#### How to complete this task
A verbatim reproduction of the lines below, from the line containing "using neq[of 0]" through the line containing "Suc m \<and>", both ends included, is the whole required output.

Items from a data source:
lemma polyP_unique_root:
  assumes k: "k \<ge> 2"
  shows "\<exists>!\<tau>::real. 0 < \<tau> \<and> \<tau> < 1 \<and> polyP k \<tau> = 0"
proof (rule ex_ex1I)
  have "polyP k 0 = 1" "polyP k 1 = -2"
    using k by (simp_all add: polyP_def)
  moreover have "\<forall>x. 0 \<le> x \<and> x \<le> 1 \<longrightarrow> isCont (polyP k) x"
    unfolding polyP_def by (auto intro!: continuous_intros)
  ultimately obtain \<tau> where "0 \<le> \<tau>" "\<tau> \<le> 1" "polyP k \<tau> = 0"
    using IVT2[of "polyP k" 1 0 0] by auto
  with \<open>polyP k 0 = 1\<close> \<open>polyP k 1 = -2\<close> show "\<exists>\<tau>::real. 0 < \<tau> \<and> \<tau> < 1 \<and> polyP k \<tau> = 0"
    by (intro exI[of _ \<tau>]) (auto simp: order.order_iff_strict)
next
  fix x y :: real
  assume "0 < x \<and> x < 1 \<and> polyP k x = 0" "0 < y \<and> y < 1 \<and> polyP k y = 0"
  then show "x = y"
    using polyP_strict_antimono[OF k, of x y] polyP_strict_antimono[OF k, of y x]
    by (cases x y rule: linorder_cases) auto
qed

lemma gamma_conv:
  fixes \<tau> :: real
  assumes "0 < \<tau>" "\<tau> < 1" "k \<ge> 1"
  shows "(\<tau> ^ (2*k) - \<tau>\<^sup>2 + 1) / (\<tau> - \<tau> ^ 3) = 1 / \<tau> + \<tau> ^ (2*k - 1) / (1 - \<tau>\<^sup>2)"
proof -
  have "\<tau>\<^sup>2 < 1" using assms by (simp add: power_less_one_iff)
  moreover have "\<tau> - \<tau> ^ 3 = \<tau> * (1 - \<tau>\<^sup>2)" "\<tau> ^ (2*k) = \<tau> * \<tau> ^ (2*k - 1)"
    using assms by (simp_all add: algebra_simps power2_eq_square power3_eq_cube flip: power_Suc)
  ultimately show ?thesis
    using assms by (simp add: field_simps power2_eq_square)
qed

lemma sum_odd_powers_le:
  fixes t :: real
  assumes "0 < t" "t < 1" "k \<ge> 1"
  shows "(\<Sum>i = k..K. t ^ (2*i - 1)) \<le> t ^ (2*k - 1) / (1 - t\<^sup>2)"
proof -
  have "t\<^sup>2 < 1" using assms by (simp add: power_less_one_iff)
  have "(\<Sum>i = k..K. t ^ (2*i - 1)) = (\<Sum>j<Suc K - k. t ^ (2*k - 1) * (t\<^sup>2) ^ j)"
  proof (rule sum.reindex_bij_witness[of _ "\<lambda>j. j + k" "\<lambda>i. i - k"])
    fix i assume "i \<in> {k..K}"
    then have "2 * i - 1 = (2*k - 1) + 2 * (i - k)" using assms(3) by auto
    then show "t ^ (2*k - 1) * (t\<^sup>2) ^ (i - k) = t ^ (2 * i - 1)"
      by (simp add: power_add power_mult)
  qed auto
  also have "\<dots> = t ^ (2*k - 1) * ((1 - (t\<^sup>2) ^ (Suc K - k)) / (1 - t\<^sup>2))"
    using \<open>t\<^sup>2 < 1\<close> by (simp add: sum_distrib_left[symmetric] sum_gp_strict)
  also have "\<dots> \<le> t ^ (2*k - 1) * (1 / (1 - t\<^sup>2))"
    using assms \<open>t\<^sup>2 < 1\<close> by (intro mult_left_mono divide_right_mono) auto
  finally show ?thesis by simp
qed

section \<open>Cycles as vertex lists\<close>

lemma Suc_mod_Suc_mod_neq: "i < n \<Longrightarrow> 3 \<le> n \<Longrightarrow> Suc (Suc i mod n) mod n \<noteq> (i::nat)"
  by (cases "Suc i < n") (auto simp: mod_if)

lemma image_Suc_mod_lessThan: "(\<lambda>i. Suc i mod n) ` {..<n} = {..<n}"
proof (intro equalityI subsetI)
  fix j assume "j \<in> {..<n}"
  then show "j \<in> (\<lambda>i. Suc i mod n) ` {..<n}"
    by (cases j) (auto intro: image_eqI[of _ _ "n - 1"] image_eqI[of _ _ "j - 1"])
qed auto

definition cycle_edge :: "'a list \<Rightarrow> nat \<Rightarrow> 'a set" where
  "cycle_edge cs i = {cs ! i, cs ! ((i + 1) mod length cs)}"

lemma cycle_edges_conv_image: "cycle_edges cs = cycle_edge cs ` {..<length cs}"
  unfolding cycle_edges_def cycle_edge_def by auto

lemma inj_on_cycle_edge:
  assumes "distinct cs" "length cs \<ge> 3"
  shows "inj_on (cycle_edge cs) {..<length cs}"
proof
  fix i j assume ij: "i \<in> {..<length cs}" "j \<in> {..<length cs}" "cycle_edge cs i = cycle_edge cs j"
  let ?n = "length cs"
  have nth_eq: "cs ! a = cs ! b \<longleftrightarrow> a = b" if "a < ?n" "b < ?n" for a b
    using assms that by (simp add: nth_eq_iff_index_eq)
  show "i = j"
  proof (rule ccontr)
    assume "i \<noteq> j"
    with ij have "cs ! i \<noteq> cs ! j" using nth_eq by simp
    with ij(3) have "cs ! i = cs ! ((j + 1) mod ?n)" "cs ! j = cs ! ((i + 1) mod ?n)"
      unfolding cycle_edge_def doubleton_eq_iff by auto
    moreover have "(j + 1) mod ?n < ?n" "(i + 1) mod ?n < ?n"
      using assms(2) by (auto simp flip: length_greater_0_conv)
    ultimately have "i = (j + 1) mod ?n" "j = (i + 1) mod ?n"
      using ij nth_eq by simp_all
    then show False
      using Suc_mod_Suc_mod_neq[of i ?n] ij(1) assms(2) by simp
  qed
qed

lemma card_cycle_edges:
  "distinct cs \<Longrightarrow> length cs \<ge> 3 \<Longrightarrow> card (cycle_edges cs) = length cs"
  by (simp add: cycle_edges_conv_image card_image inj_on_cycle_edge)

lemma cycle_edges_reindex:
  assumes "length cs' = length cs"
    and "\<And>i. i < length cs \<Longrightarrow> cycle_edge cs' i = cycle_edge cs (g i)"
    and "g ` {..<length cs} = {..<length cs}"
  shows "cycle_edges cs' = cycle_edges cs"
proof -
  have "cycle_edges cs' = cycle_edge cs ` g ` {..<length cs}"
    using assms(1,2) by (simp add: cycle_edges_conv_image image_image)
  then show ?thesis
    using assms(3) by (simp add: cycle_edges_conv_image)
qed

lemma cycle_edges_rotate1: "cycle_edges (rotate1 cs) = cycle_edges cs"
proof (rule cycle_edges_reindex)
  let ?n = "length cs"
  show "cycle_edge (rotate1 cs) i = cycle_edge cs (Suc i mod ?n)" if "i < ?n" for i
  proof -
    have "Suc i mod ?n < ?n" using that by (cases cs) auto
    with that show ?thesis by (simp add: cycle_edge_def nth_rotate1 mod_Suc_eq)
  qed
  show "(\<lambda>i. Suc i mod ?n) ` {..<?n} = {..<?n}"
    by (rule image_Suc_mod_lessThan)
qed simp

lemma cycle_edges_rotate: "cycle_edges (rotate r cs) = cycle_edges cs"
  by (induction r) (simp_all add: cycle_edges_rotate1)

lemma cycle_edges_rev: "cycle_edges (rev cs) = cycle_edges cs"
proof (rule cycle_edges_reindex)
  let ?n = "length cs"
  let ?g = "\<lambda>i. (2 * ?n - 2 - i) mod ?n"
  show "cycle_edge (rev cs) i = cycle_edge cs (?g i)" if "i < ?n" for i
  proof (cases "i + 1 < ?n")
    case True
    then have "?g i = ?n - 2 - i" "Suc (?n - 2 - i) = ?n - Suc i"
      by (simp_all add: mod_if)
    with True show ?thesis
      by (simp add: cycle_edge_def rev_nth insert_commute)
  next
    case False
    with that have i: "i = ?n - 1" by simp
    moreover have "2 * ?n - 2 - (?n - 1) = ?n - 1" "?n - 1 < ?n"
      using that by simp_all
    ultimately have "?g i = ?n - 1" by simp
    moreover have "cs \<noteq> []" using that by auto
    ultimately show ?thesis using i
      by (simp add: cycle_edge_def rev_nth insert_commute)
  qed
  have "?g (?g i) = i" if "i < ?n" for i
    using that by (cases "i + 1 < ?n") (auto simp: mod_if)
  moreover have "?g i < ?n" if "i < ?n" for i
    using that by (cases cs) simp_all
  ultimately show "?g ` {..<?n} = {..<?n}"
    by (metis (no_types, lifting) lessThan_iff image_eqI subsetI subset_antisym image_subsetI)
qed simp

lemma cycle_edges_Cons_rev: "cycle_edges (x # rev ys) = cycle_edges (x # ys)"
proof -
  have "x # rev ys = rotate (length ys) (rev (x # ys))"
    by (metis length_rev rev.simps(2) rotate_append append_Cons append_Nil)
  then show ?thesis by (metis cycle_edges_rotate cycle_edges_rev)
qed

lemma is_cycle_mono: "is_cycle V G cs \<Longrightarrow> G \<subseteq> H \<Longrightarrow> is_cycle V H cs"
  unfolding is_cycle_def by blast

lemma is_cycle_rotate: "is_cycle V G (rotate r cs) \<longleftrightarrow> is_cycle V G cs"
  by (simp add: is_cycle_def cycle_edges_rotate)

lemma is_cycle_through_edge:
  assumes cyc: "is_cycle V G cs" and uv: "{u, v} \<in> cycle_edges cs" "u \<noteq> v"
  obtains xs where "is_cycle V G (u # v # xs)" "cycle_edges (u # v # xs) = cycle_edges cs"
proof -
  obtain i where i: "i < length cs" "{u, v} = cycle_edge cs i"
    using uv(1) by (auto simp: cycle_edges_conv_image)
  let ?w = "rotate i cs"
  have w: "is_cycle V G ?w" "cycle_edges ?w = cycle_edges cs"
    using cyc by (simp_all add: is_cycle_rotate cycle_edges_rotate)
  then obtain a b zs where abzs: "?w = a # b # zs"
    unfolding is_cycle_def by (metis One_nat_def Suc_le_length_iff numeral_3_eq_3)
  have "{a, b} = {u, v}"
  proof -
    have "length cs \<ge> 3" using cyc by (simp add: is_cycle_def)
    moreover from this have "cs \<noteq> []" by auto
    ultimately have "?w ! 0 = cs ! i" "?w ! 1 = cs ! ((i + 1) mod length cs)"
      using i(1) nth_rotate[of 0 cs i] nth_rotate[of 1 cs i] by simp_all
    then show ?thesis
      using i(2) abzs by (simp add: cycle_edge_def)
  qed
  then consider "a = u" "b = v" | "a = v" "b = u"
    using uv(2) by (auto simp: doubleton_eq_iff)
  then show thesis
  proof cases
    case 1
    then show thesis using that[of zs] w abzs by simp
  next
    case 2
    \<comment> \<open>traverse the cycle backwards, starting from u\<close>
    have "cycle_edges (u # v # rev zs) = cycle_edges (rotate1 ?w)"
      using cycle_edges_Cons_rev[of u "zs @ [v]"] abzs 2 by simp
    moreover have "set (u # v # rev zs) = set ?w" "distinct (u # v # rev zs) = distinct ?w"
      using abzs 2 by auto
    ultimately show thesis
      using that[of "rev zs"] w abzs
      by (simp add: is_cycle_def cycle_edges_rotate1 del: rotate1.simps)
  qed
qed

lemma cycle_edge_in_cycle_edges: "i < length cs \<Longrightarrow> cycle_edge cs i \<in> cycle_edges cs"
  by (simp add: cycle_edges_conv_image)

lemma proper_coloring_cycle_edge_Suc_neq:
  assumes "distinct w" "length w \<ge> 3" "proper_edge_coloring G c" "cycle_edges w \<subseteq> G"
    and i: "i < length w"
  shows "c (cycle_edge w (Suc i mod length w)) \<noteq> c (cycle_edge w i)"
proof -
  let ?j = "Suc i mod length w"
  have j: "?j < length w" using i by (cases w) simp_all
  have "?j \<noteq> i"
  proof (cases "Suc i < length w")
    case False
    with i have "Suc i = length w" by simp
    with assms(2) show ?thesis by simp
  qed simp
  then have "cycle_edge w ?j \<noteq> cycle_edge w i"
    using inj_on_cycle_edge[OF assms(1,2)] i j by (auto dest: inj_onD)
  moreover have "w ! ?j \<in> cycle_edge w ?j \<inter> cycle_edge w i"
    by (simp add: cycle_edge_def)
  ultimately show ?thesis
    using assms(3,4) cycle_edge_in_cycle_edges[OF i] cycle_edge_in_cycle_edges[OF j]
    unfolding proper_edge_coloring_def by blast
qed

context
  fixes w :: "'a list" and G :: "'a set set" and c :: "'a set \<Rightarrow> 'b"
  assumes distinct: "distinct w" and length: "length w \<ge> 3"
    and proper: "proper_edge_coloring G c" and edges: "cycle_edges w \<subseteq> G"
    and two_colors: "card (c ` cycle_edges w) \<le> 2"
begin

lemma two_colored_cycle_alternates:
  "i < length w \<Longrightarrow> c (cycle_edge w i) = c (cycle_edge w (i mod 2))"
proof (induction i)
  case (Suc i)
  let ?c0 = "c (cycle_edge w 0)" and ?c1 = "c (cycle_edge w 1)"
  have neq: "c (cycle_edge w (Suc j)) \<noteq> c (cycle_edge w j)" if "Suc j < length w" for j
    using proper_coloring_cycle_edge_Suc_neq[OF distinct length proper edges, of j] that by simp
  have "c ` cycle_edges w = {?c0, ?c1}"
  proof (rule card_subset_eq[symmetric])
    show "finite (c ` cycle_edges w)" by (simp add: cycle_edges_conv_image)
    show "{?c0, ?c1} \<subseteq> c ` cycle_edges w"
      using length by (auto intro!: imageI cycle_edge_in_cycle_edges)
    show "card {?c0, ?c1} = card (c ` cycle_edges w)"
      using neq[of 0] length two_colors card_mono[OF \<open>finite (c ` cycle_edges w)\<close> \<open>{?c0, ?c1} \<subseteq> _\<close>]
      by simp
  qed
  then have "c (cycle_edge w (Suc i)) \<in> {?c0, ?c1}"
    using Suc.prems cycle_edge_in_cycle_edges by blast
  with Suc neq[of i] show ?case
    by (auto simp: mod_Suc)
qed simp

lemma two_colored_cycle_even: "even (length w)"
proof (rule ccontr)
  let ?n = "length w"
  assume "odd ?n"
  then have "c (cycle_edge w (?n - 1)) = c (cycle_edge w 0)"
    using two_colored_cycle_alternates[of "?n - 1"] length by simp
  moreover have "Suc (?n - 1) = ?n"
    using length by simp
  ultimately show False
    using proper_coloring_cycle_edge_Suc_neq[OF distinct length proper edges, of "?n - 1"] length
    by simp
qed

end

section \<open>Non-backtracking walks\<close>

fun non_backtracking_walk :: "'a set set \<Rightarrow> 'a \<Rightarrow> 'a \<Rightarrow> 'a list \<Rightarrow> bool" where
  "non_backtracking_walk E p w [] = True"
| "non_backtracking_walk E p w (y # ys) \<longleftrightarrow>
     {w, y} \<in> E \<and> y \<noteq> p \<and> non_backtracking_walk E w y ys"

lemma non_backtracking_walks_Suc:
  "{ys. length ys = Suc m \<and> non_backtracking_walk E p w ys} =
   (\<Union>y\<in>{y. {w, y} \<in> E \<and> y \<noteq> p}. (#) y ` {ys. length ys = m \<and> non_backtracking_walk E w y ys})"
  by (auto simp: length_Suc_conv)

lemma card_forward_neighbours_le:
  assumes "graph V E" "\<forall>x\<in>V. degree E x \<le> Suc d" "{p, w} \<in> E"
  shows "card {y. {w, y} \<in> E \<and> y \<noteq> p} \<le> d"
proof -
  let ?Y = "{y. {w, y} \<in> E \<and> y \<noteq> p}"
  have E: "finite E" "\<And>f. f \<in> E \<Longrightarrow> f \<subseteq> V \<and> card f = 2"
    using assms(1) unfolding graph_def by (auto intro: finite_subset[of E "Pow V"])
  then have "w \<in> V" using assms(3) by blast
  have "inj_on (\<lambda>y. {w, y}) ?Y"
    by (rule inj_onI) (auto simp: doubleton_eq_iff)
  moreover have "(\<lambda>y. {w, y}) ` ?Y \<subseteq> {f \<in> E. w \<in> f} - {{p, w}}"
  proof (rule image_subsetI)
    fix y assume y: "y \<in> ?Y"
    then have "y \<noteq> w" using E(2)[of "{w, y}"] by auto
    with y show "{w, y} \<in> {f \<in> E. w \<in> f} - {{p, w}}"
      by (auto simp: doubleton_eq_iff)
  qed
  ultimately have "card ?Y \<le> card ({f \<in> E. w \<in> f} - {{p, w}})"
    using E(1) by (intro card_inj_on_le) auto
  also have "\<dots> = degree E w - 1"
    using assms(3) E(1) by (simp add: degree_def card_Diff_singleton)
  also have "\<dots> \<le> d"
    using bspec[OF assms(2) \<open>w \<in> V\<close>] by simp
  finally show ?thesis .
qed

#### Task answer
      using neq[of 0] length two_colors card_mono[OF \<open>finite (c ` cycle_edges w)\<close> \<open>{?c0, ?c1} \<subseteq> _\<close>]
      by simp
  qed
  then have "c (cycle_edge w (Suc i)) \<in> {?c0, ?c1}"
    using Suc.prems cycle_edge_in_cycle_edges by blast
  with Suc neq[of i] show ?case
    by (auto simp: mod_Suc)
qed simp

lemma two_colored_cycle_even: "even (length w)"
proof (rule ccontr)
  let ?n = "length w"
  assume "odd ?n"
  then have "c (cycle_edge w (?n - 1)) = c (cycle_edge w 0)"
    using two_colored_cycle_alternates[of "?n - 1"] length by simp
  moreover have "Suc (?n - 1) = ?n"
    using length by simp
  ultimately show False
    using proper_coloring_cycle_edge_Suc_neq[OF distinct length proper edges, of "?n - 1"] length
    by simp
qed

end

section \<open>Non-backtracking walks\<close>

fun non_backtracking_walk :: "'a set set \<Rightarrow> 'a \<Rightarrow> 'a \<Rightarrow> 'a list \<Rightarrow> bool" where
  "non_backtracking_walk E p w [] = True"
| "non_backtracking_walk E p w (y # ys) \<longleftrightarrow>
     {w, y} \<in> E \<and> y \<noteq> p \<and> non_backtracking_walk E w y ys"

lemma non_backtracking_walks_Suc:
  "{ys. length ys = Suc m \<and> non_backtracking_walk E p w ys} =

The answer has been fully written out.